Do you let your eyes wander? Do you negatively compare your spouse to other attractive people? Do you do a double-take and check out that attractive person again? Are you interacting excessively or inappropriately with another person you feel some level of attraction toward?
I read some disturbing statistics today. According to a study by David Atkins at the University if Washington, infidelity for young people (under the age of 30) has increased significantly since the early 1990s. His study showed that infidelity has increased by 20% for women and 45% for men. I have noticed an increase in infidelity cases coming into my office. I help many repair the damage, but, it is not easy. Many experts think that the increasing trends of infidelity are largely influenced by technological advances that make it easier for people to connect, interact with, and emotionally to people that they are attracted to. Historically many may have avoided the pitfall of infidelity because it was just too complicated to make it happen. However, secret email and social media accounts, second cell phones, smartphones and tablets constantly on hand, and a host of websites that make it easy to cheat have made it easier for people to slip.

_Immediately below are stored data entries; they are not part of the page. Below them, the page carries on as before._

section \<open>Two mixed crossings between distinct components\<close>

lemma Phi_diff_eq_sum_supersets:
  assumes comps: "comps D' = comps D" and fin: "finite (comps D)" and S: "S \<subseteq> comps D" "S \<noteq> {}"
    and same: "\<And>C. C \<subseteq> comps D \<Longrightarrow> \<not> S \<subseteq> C \<Longrightarrow> Xinv D' C t = Xinv D C t"
  shows "Phi D t - Phi D' t = (\<Sum>C\<in>Pow (comps D - S).
           (-1) ^ (card (comps D - S) - card C) * (Xinv D (S \<union> C) t - Xinv D' (S \<union> C) t))"
proof -
  let ?d = "\<lambda>C. (-1::real) ^ (ncomp D - card C) * (Xinv D C t - Xinv D' C t)"
  have "ncomp D \<noteq> 0" using fin S by (auto simp: ncomp_def)
  then have "Phi D t - Phi D' t = (\<Sum>C\<in>Pow (comps D). ?d C)"
    unfolding Phi_def ncomp_def comps by (simp add: sum_subtractf[symmetric] right_diff_distrib)
  also have "\<dots> = (\<Sum>C\<in>{C \<in> Pow (comps D). S \<subseteq> C}. ?d C)"
    by (rule sum.mono_neutral_right) (use fin same in auto)
  also have "{C \<in> Pow (comps D). S \<subseteq> C} = (\<lambda>C. S \<union> C) ` Pow (comps D - S)"
  proof
    show "{C \<in> Pow (comps D). S \<subseteq> C} \<subseteq> (\<lambda>C. S \<union> C) ` Pow (comps D - S)"
    proof
      fix C assume "C \<in> {C \<in> Pow (comps D). S \<subseteq> C}"
      then have "C = S \<union> (C - S)" and "C - S \<in> Pow (comps D - S)" by auto
      then show "C \<in> (\<lambda>C. S \<union> C) ` Pow (comps D - S)" by blast
    qed
  qed (use S in auto)
  also have "(\<Sum>C\<in>(\<lambda>C. S \<union> C) ` Pow (comps D - S). ?d C) = (\<Sum>C\<in>Pow (comps D - S). ?d (S \<union> C))"
    by (rule sum.reindex_cong[where l = "\<lambda>C. S \<union> C"]) (auto simp: inj_on_def)
  also have "\<dots> = (\<Sum>C\<in>Pow (comps D - S).
           (-1) ^ (card (comps D - S) - card C) * (Xinv D (S \<union> C) t - Xinv D' (S \<union> C) t))"
  proof (intro sum.cong refl)
    fix C assume "C \<in> Pow (comps D - S)"
    then have "C \<subseteq> comps D - S" by simp
    moreover have "finite S" and "finite C" using fin S \<open>C \<subseteq> comps D - S\<close> finite_subset by blast+
    ultimately have "card (S \<union> C) = card S + card C" and "card (comps D - S) = card (comps D) - card S"
      and "card (S \<union> C) \<le> card (comps D)"
      using fin S by (auto intro!: card_Un_disjoint card_Diff_subset card_mono)
    then show "?d (S \<union> C)
        = (-1) ^ (card (comps D - S) - card C) * (Xinv D (S \<union> C) t - Xinv D' (S \<union> C) t)"
      by (simp add: ncomp_def)
  qed
  finally show ?thesis .
qed

locale mixed_crossing_pair =
  fixes L :: diagram and i1 i2 :: nat and K1 K2 :: "nat set"
  assumes link: "link_diagram L"
    and i1: "i1 < length (sites L)" and i2: "i2 < length (sites L)" and i12: "i1 \<noteq> i2"
    and pos: "snd (sites L ! i1) = Pos" and neg: "snd (sites L ! i2) = Neg"
    and K1: "K1 \<in> comps L" and K2: "K2 \<in> comps L" and K12: "K1 \<noteq> K2"
    and cross1: "crossing_between L i1 K1 K2" and cross2: "crossing_between L i2 K1 K2"
begin

text \<open>In the notation of the paper L is L_{+-}, and Lmm, Lmp, L0m, Lm0 are L_{--}, L_{-+},
  L_{0-} and L_{-0}.\<close>

abbreviation Lmm where "Lmm \<equiv> set_type L i1 Neg"

abbreviation Lmp where "Lmp \<equiv> set_type Lmm i2 Pos"

abbreviation L0m where "L0m \<equiv> set_type L i1 Zero"

abbreviation Lm0 where "Lm0 \<equiv> set_type Lmm i2 Zero"

lemma wf: "wf_diagram L" and crossing: "j < length (sites L) \<Longrightarrow> snd (sites L ! j) \<noteq> Zero"
  using link by (auto simp: link_diagram_def)

lemma i2_Lmm: "i2 < length (sites Lmm)" and snd_Lmm_i2: "snd (sites Lmm ! i2) = Neg"
  using i1 i2 i12 neg by (simp_all add: snd_nth_sites_set_type)

lemma comps_Lmm: "comps Lmm = comps L"
  using i1 pos by (simp add: comps_set_type_crossing)

lemma comps_Lmp: "comps Lmp = comps L"
  using i2_Lmm snd_Lmm_i2 by (simp add: comps_set_type_crossing comps_Lmm)

lemma comps_L0m: "comps L0m = insert (K1 \<union> K2) (comps L - {K1, K2})"
  using comps_set_type_Zero[OF wf i1 crossing[OF i1] K1 K2 K12 cross1] .

lemma comps_Lm0: "comps Lm0 = insert (K1 \<union> K2) (comps L - {K1, K2})"
  using comps_set_type_Zero[OF _ i2_Lmm, of K1 K2] wf i1 snd_Lmm_i2 K1 K2 K12 cross2
  by (simp add: comps_Lmm)

lemma labels_i1: "i < 4 \<Longrightarrow> lab L i1 i \<in> K1 \<union> K2"
  using crossing_between_labels[OF i1 crossing[OF i1] K1 K2 cross1] .

lemma labels_i2: "i < 4 \<Longrightarrow> lab L i2 i \<in> K1 \<union> K2"
  using crossing_between_labels[OF i2 crossing[OF i2] K1 K2 cross2] .

lemma Xinv_Lmp_eq:
  assumes C: "C \<subseteq> comps L" and not_both: "\<not> {K1, K2} \<subseteq> C"
  shows "Xinv Lmp C t = Xinv L C t"
proof -
  have snd_Lmp: "snd (sites Lmp ! j)
      = (if j = i2 then Pos else if j = i1 then Neg else snd (sites L ! j))" for j
    using i1 i2 by (simp add: snd_nth_sites_set_type)
  have "jonesV Lmp (\<Union>C) (card C) t = jonesV L (\<Union>C) (card C) t"
  proof (rule jonesV_eq_if_inert_sites)
    fix j assume j: "j < length (sites L)"
    show "fst (sites Lmp ! j) = fst (sites L ! j)" using i1 i2 by simp
    assume changed: "snd (sites Lmp ! j) \<noteq> snd (sites L ! j)"
    have ij: "j = i1 \<or> j = i2"
    proof (rule ccontr)
      assume "\<not> (j = i1 \<or> j = i2)"
      then have "snd (sites Lmp ! j) = snd (sites L ! j)" using snd_Lmp[of j] by simp
      with changed show False by contradiction
    qed
    then have cr: "crossing_between L j K1 K2" using cross1 cross2 by (elim disjE) simp_all
    have sublink: "\<not> (lab L j 0 \<in> \<Union>C \<and> lab L j 3 \<in> \<Union>C)"
    proof
      assume "lab L j 0 \<in> \<Union>C \<and> lab L j 3 \<in> \<Union>C"
      with cr have "K1 \<in> C" and "K2 \<in> C"
        using comps_mem_of_Union[OF C K1] comps_mem_of_Union[OF C K2]
        unfolding crossing_between_def Let_def by blast+
      with not_both show False by simp
    qed
    have "snd (sites Lmp ! j) \<noteq> Zero" using ij snd_Lmp[of j] by auto
    then have "site_edges (\<Union>C) a (fst (sites L ! j)) (snd (sites Lmp ! j))
             = site_edges (\<Union>C) a (fst (sites L ! j)) (snd (sites L ! j))" for a
      using crossing[OF j] sublink by (rule site_edges_crossing_change)
    with sublink show "\<not> (lab L j 0 \<in> \<Union>C \<and> lab L j 3 \<in> \<Union>C) \<and>
        (\<forall>a. site_edges (\<Union>C) a (fst (sites L ! j)) (snd (sites Lmp ! j))
              = site_edges (\<Union>C) a (fst (sites L ! j)) (snd (sites L ! j)))" by blast
  qed simp
  then show ?thesis by (simp add: Xinv_def)
qed
lemma edges_in_Un_le:
  assumes G: "simple_graph V E" and AV: "A \<subseteq> V"
  shows "edges_in E (X \<union> A) \<le> edges_in E X + card A * card V"
proof -
  have fin: "finite V" using G by (simp add: simple_graph_def)
  have "edge_set E (X \<union> A) \<subseteq> edge_set E X \<union> (\<lambda>(a, y). {a, y}) ` (A \<times> V)"
    using G unfolding edge_set_def simple_graph_def by (auto simp: insert_commute)
  then have "card (edge_set E (X \<union> A)) \<le> card (edge_set E X \<union> (\<lambda>(a, y). {a, y}) ` (A \<times> V))"
    using finite_edge_set[OF G] fin finite_subset[OF AV fin] by (intro card_mono) auto
  also have "\<dots> \<le> card (edge_set E X) + card ((\<lambda>(a, y). {a, y}) ` (A \<times> V))"
    by (rule card_Un_le)
  also have "card ((\<lambda>(a, y). {a, y}) ` (A \<times> V)) \<le> card A * card V"
    using card_image_le[of "A \<times> V"] fin finite_subset[OF AV fin] by (simp add: card_cartesian_product)
  finally show ?thesis by (simp add: edges_in_eq_card_edge_set)
qed

lemma exists_superset_card_ge:
  assumes G: "simple_graph V E" and NV: "N \<subseteq> V" and a: "0 \<le> a"
    and b: "b \<le> real (card V)" "b - a \<le> real (card N)"
  shows "\<exists>S. N \<subseteq> S \<and> S \<subseteq> V \<and> b \<le> real (card S) \<and>
           real (edges_in E S) \<le> real (edges_in E N) + (a + 1) * real (card V)"
proof -
  have fin: "finite V" using G by (simp add: simple_graph_def)
  define k where "k = nat \<lceil>b\<rceil> - card N"
  have finN: "finite N" using NV fin by (rule finite_subset)
  have "nat \<lceil>b\<rceil> \<le> card V" using b(1) by (simp add: nat_le_iff ceiling_le)
  then have "k \<le> card (V - N)"
    unfolding k_def card_Diff_subset[OF finN NV] by (rule diff_le_mono)
  then obtain A where A: "A \<subseteq> V - N" "card A = k"
    by (rule obtain_subset_with_card_n)
  have card_S: "card (N \<union> A) = card N + k"
    using A finN fin by (subst card_Un_disjoint) (auto intro: finite_subset)
  have "b \<le> real (card (N \<union> A))"
    using real_nat_ceiling_ge[of b] by (simp add: card_S k_def)
  moreover have "real k \<le> a + 1"
  proof (cases "nat \<lceil>b\<rceil> \<le> card N")
    case False
    then have "real k = real_of_int \<lceil>b\<rceil> - real (card N)" unfolding k_def by linarith
    then show ?thesis using b(2) of_int_ceiling_le_add_one[of b] by linarith
  qed (use a k_def in simp)
  then have "real k * real (card V) \<le> (a + 1) * real (card V)"
    by (rule mult_right_mono) simp
  moreover have "edges_in E (N \<union> A) \<le> edges_in E N + k * card V"
    using edges_in_Un_le[OF G, of A N] A by auto
  then have "real (edges_in E (N \<union> A)) \<le> real (edges_in E N) + real k * real (card V)"
    by (metis of_nat_add of_nat_mono of_nat_mult)
  ultimately show ?thesis
    using A NV by (intro exI[of _ "N \<union> A"]) auto
qed

text \<open>
  The first bound keeps the clique of low-degree vertices below \<beta>n/2; the second makes the
  number of copies of K_r too small for all common neighbourhoods of ordered m-cliques to be dense.
\<close>
definition eps_threshold :: "nat \<Rightarrow> real \<Rightarrow> real" where
  "eps_threshold m \<alpha> = min ((1 / (2 * (real m + 1) * real (m + 2))) ^ (m + 2))
     ((1 / (2 * (real m + 1))) ^ m * (sqrt \<alpha> / 2) / real ((m + 2) ^ m * 2 ^ (m + 2))) / 2"

definition order_threshold :: "nat \<Rightarrow> real \<Rightarrow> nat" where
  "order_threshold m \<alpha> = nat \<lceil>2 * (real m + 1) * real (m + 2) + 4 / sqrt \<alpha>\<rceil>"

lemma eps_threshold_pos: "0 < \<alpha> \<Longrightarrow> 0 < eps_threshold m \<alpha>"
  by (simp add: eps_threshold_def)

locale few_cliques_large_sigma =
  fixes V :: "'a set" and E :: "'a \<Rightarrow> 'a \<Rightarrow> bool" and m n :: nat and \<alpha> \<epsilon> :: real
  assumes simple: "simple_graph V E" and card_V: "card V = n"
    and alpha_pos: "0 < \<alpha>" and alpha_small: "16 * (real m + 1) ^ 2 * \<alpha> \<le> 1"
    and eps_small: "\<epsilon> \<le> eps_threshold m \<alpha>" and n_large: "order_threshold m \<alpha> \<le> n"
    and few_cliques: "real (num_cliques V E (m + 2)) \<le> \<epsilon> * real n ^ (m + 2)"
    and sigma_large: "ereal (2 * (1 - 1 / (real m + 1) - \<alpha>) * real n) \<le> sigma V E"
begin

definition \<beta> :: real where "\<beta> = 1 / (real m + 1)"

definition high :: "'a set" where
  "high = {v \<in> V. (1 - \<beta> - \<alpha>) * real n \<le> real (degree V E v)}"

lemma finite_V: "finite V"
  using simple by (simp add: simple_graph_def)
(* Let $\mathcal{P}$ be the regular octahedron, centered at the origin and scaled so that its midsphere (the sphere touching the midpoint of every edge) is the unit sphere $\mathbb{S}^2\subset\mathbb{R}^3$. For $\delta\in[0,\pi/2]$ let $L(\delta)$ be the configuration of the twelve lines obtained from the lines containing the twelve edges of $\mathcal{P}$ by rotating each line, inside the plane tangent to $\mathbb{S}^2$ at the midpoint $m$ of that edge, about the axis through the origin and $m$ by the angle $\delta$, all lines being rotated in the same sense (counterclockwise as viewed from the tip of the axis, i.e. from outside the sphere). Let $d(\delta)$ denote the minimal distance between two distinct lines of $L(\delta)$. Then the maximum of $d(\delta)$ over $\delta\in[0,\pi/2]$ is attained at the angle $\delta_{\mathcal{O}}$ with $$\tan(\delta_{\mathcal{O}})=\frac{3^{1/4}}{\sqrt{2}}$$ (approximately $\delta_{\mathcal{O}}\simeq 0.74946$), and the square of this maximal distance is the value at $\delta=\delta_{\mathcal{O}}$ of the function $$-\,\frac{4\sin^2(2\delta)}{\bigl(\cos(2\delta)-3\bigr)\bigl(\cos(2\delta)+5\bigr)},$$ namely $$d(\delta_{\mathcal{O}})^2=2-\sqrt{3}=\frac{(\sqrt{3}-1)^2}{2}\simeq 0.26795 .$$
   Context: Each line of $L(\delta)$ is tangent to the unit sphere (at the corresponding edge midpoint). At $\delta=0$ the lines contain the edges of the octahedron; at $\delta=\pi/2$ they contain the edges of the dual cube (with the same midsphere). The rotation is carried out so that the configuration $L(\delta)$ is invariant under the group of proper (orientation-preserving) symmetries of the octahedron. *)

theory Defs
  imports "HOL-Analysis.Analysis" "HOL-Analysis.Cross3"
begin

unbundle no cross3_syntax

text \<open>Regular octahedron with midsphere the unit sphere: vertices are plus/minus sqrt 2 times
the standard basis vectors (edge midpoints then have norm 1).\<close>
definition oct_vertices :: "(real^3) set" where
  "oct_vertices = {x. \<exists>i. x = sqrt 2 *\<^sub>R axis i 1 \<or> x = - (sqrt 2 *\<^sub>R axis i 1)}"

definition oct_edges :: "((real^3) * (real^3)) set" where
  "oct_edges = {(v, w). v \<in> oct_vertices \<and> w \<in> oct_vertices \<and> v \<noteq> w \<and> v \<noteq> - w}"

text \<open>The line through the edge midpoint m, obtained from the edge line by rotating it by the
angle delta about the axis through the origin and m (counterclockwise viewed from outside,
i.e. right-hand rule about m). Since the unit edge direction u is orthogonal to m, the rotated
direction is cos delta u + sin delta (m cross u).\<close>
definition rotated_edge_line :: "real \<Rightarrow> real^3 \<Rightarrow> real^3 \<Rightarrow> (real^3) set" where
  "rotated_edge_line \<delta> v w =
     (let m = (1/2) *\<^sub>R (v + w); u = (1 / norm (w - v)) *\<^sub>R (w - v)
      in {m + t *\<^sub>R (cos \<delta> *\<^sub>R u + sin \<delta> *\<^sub>R cross3 m u) | t. True})"

definition line_config :: "real \<Rightarrow> (real^3) set set" where
  "line_config \<delta> = (\<lambda>(v, w). rotated_edge_line \<delta> v w) ` oct_edges"

definition min_line_dist :: "real \<Rightarrow> real" where
  "min_line_dist \<delta> =
     Inf {setdist l1 l2 | l1 l2. l1 \<in> line_config \<delta> \<and> l2 \<in> line_config \<delta> \<and> l1 \<noteq> l2}"

end

(*
  Write h = 1 / sqrt 2. Every edge of the octahedron joins sqrt 2 a and sqrt 2 b for orthogonal
  signed unit coordinate vectors a and b, and the corresponding line of L(delta) is
  h (a + b) + t (h cos delta (b - a) + sin delta (a x b)). Two skew lines p + t u and q + t v are
  at distance |(p - q) . n| / |n| with n = u x v.

  Upper bound: for the lines of the edges e1 e2 and e1 e3 the squared distance is at most
  2 - sqrt 3 for every delta, because (2 + sqrt 3) ((2 - sqrt 3) |n|^2 - ((p - q) . n)^2) is a
  perfect square in cos^2 delta, vanishing exactly at delta_O.

  Lower bound at delta_O: with r = 3^(1/4) one has cos delta_O = r^2 - 1 and
  sin delta_O = h (r^3 - r), so up to powers of h all data lie in Z[r]. For each of the finitely
  many pairs of lines, ((p - q) . n)^2 >= (2 - sqrt 3) |n|^2 becomes the nonnegativity of an
  element of Z[r], which is decided by exact arithmetic in Z[r] followed by an interval bound on r.
*)
theory Submission
  imports Defs
begin

section \<open>Distance between skew lines\<close>

lemma cross3_frame_decomposition:
  fixes r u v :: "real^3"
  defines "n \<equiv> cross3 u v"
  shows "(n \<bullet> n) *\<^sub>R r = (r \<bullet> cross3 v n) *\<^sub>R u + (r \<bullet> cross3 n u) *\<^sub>R v + (r \<bullet> n) *\<^sub>R n"
  unfolding n_def
  by (simp add: cross3_def vec_eq_iff forall_3 inner_vec_def sum_3 vector_def) algebra

lemma line_scaleR_direction:
  fixes p w :: "'a::real_vector"
  assumes "c \<noteq> 0"
  shows "{p + t *\<^sub>R (c *\<^sub>R w) | t. True} = {p + t *\<^sub>R w | t. True}"
proof (intro set_eqI iffI)
  fix x assume "x \<in> {p + t *\<^sub>R (c *\<^sub>R w) | t. True}"
  then obtain t where "x = p + (t * c) *\<^sub>R w" by auto
  then show "x \<in> {p + t *\<^sub>R w | t. True}" by blast
next
  fix x assume "x \<in> {p + t *\<^sub>R w | t. True}"
  then obtain t where "x = p + (t / c) *\<^sub>R (c *\<^sub>R w)" using assms by auto
  then show "x \<in> {p + t *\<^sub>R (c *\<^sub>R w) | t. True}" by blast
qed

lemma setdist_lines:
  fixes p q u v :: "real^3"
  defines "n \<equiv> cross3 u v"
  assumes "n \<noteq> 0"
  shows "setdist {p + t *\<^sub>R u | t. True} {q + t *\<^sub>R v | t. True} = \<bar>(p - q) \<bullet> n\<bar> / norm n"
proof (rule antisym)
  have nn: "n \<bullet> n > 0" "norm n > 0" using assms(2) by auto
  define a where "a = ((p - q) \<bullet> cross3 v n) / (n \<bullet> n)"
  define b where "b = ((p - q) \<bullet> cross3 n u) / (n \<bullet> n)"
  \<comment> \<open>the common perpendicular meets the lines at these two points\<close>
  define x where "x = p - a *\<^sub>R u"
  define y where "y = q + b *\<^sub>R v"
  have decomp: "(n \<bullet> n) *\<^sub>R (p - q) = ((p - q) \<bullet> cross3 v n) *\<^sub>R u + ((p - q) \<bullet> cross3 n u) *\<^sub>R v + ((p - q) \<bullet> n) *\<^sub>R n"
    unfolding n_def by (rule cross3_frame_decomposition)
  have coeffs: "(n \<bullet> n) *\<^sub>R (a *\<^sub>R u) = ((p - q) \<bullet> cross3 v n) *\<^sub>R u"
    "(n \<bullet> n) *\<^sub>R (b *\<^sub>R v) = ((p - q) \<bullet> cross3 n u) *\<^sub>R v"
    using nn by (simp_all add: a_def b_def)
  have "(n \<bullet> n) *\<^sub>R (x - y) = (n \<bullet> n) *\<^sub>R (p - q) - (n \<bullet> n) *\<^sub>R (a *\<^sub>R u) - (n \<bullet> n) *\<^sub>R (b *\<^sub>R v)"
    by (simp add: x_def y_def algebra_simps)
  also have "\<dots> = ((p - q) \<bullet> n) *\<^sub>R n"
    unfolding decomp coeffs by simp
  finally have scaled: "(n \<bullet> n) *\<^sub>R (x - y) = ((p - q) \<bullet> n) *\<^sub>R n" .
  have "x - y = (1 / (n \<bullet> n)) *\<^sub>R ((n \<bullet> n) *\<^sub>R (x - y))"
    using nn by (simp only: scaleR_scaleR) simp
  then have "x - y = (((p - q) \<bullet> n) / (n \<bullet> n)) *\<^sub>R n"
    unfolding scaled by simp
  then have dist_xy: "dist x y = \<bar>(p - q) \<bullet> n\<bar> / norm n"
    using nn by (simp add: dist_norm power2_norm_eq_inner[symmetric] power2_eq_square)
  have "x \<in> {p + t *\<^sub>R u | t. True}"
    unfolding x_def by (intro CollectI exI[of _ "- a"]) simp
  moreover have "y \<in> {q + t *\<^sub>R v | t. True}"
    unfolding y_def by (intro CollectI exI[of _ b]) simp
  ultimately have "setdist {p + t *\<^sub>R u | t. True} {q + t *\<^sub>R v | t. True} \<le> dist x y"
    by (rule setdist_le_dist)
  then show "setdist {p + t *\<^sub>R u | t. True} {q + t *\<^sub>R v | t. True} \<le> \<bar>(p - q) \<bullet> n\<bar> / norm n"
    unfolding dist_xy .
next
  show "\<bar>(p - q) \<bullet> n\<bar> / norm n \<le> setdist {p + t *\<^sub>R u | t. True} {q + t *\<^sub>R v | t. True}"
  proof (rule le_setdistI)
    fix x y assume "x \<in> {p + t *\<^sub>R u | t. True}" "y \<in> {q + t *\<^sub>R v | t. True}"
    then obtain s t where "x = p + s *\<^sub>R u" "y = q + t *\<^sub>R v" by auto
    then have "(x - y) \<bullet> n = (p - q) \<bullet> n"
      by (simp add: n_def inner_diff_left inner_add_left dot_cross_self)
    then have "\<bar>(p - q) \<bullet> n\<bar> \<le> dist x y * norm n"
      by (metis Cauchy_Schwarz_ineq2 dist_norm)
    then show "\<bar>(p - q) \<bullet> n\<bar> / norm n \<le> dist x y"
      using assms(2) by (simp add: divide_le_eq)
  qed auto
qed

lemma sqrt_le_setdist_lines:
  fixes p q u v :: "real^3"
  defines "n \<equiv> cross3 u v"
  assumes "n \<noteq> 0" and "K * (n \<bullet> n) \<le> ((p - q) \<bullet> n)\<^sup>2"
  shows "sqrt K \<le> setdist {p + t *\<^sub>R u | t. True} {q + t *\<^sub>R v | t. True}"
proof -
  have "sqrt K * norm n = sqrt (K * (n \<bullet> n))"
    by (simp add: real_sqrt_mult norm_eq_sqrt_inner)
  also have "\<dots> \<le> \<bar>(p - q) \<bullet> n\<bar>"
    using assms(3) real_sqrt_le_mono by fastforce
  finally show ?thesis
    using assms(2) unfolding n_def setdist_lines[OF assms(2)[unfolded n_def]] by (simp add: field_simps)
qed

lemma setdist_lines_le_sqrt:
  fixes p q u v :: "real^3"
  defines "n \<equiv> cross3 u v"
  assumes "n \<noteq> 0" and "((p - q) \<bullet> n)\<^sup>2 \<le> K * (n \<bullet> n)"
  shows "setdist {p + t *\<^sub>R u | t. True} {q + t *\<^sub>R v | t. True} \<le> sqrt K"
proof -
  have "\<bar>(p - q) \<bullet> n\<bar> \<le> sqrt (K * (n \<bullet> n))"
    using assms(3) real_sqrt_le_mono by fastforce
  also have "\<dots> = sqrt K * norm n"
    by (simp add: real_sqrt_mult norm_eq_sqrt_inner)
  finally show ?thesis
    using assms(2) unfolding n_def setdist_lines[OF assms(2)[unfolded n_def]] by (simp add: field_simps)
qed

section \<open>The octahedron in integer coordinates\<close>

type_synonym ivec = "int \<times> int \<times> int"

fun ivec_add :: "ivec \<Rightarrow> ivec \<Rightarrow> ivec" where
  "ivec_add (a1, a2, a3) (b1, b2, b3) = (a1 + b1, a2 + b2, a3 + b3)"

fun ivec_diff :: "ivec \<Rightarrow> ivec \<Rightarrow> ivec" where
  "ivec_diff (a1, a2, a3) (b1, b2, b3) = (a1 - b1, a2 - b2, a3 - b3)"

fun ivec_neg :: "ivec \<Rightarrow> ivec" where
  "ivec_neg (a1, a2, a3) = (- a1, - a2, - a3)"

fun ivec_cross :: "ivec \<Rightarrow> ivec \<Rightarrow> ivec" where
  "ivec_cross (a1, a2, a3) (b1, b2, b3) = (a2 * b3 - a3 * b2, a3 * b1 - a1 * b3, a1 * b2 - a2 * b1)"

Though technology and other factors may make it easier to cheat, personal decision making is still the ultimate culprit. If you make your spouse or significant other the most important thing in your life, you won’t cheat. If you make your own desires, lusts, or self-rationalized sexual needs more important than the needs and desires of your significant other, you are setting yourself up for danger. To avoid this:
- Don’t talk excessively to anyone that you feel any attraction to.
- Don’t friend them on Facebook.
- Don’t send them texts.
- Don’t send them pictures.
- Don’t send them emails.
- Don’t let your eyes wander.
If something feels lacking in your current relationship, don’t look to replace your significant other. Instead, re-invest your energies toward your significant other. That which you put your energies toward become more important. You may also benefit from couples counseling help from a qualified and competent couples therapist.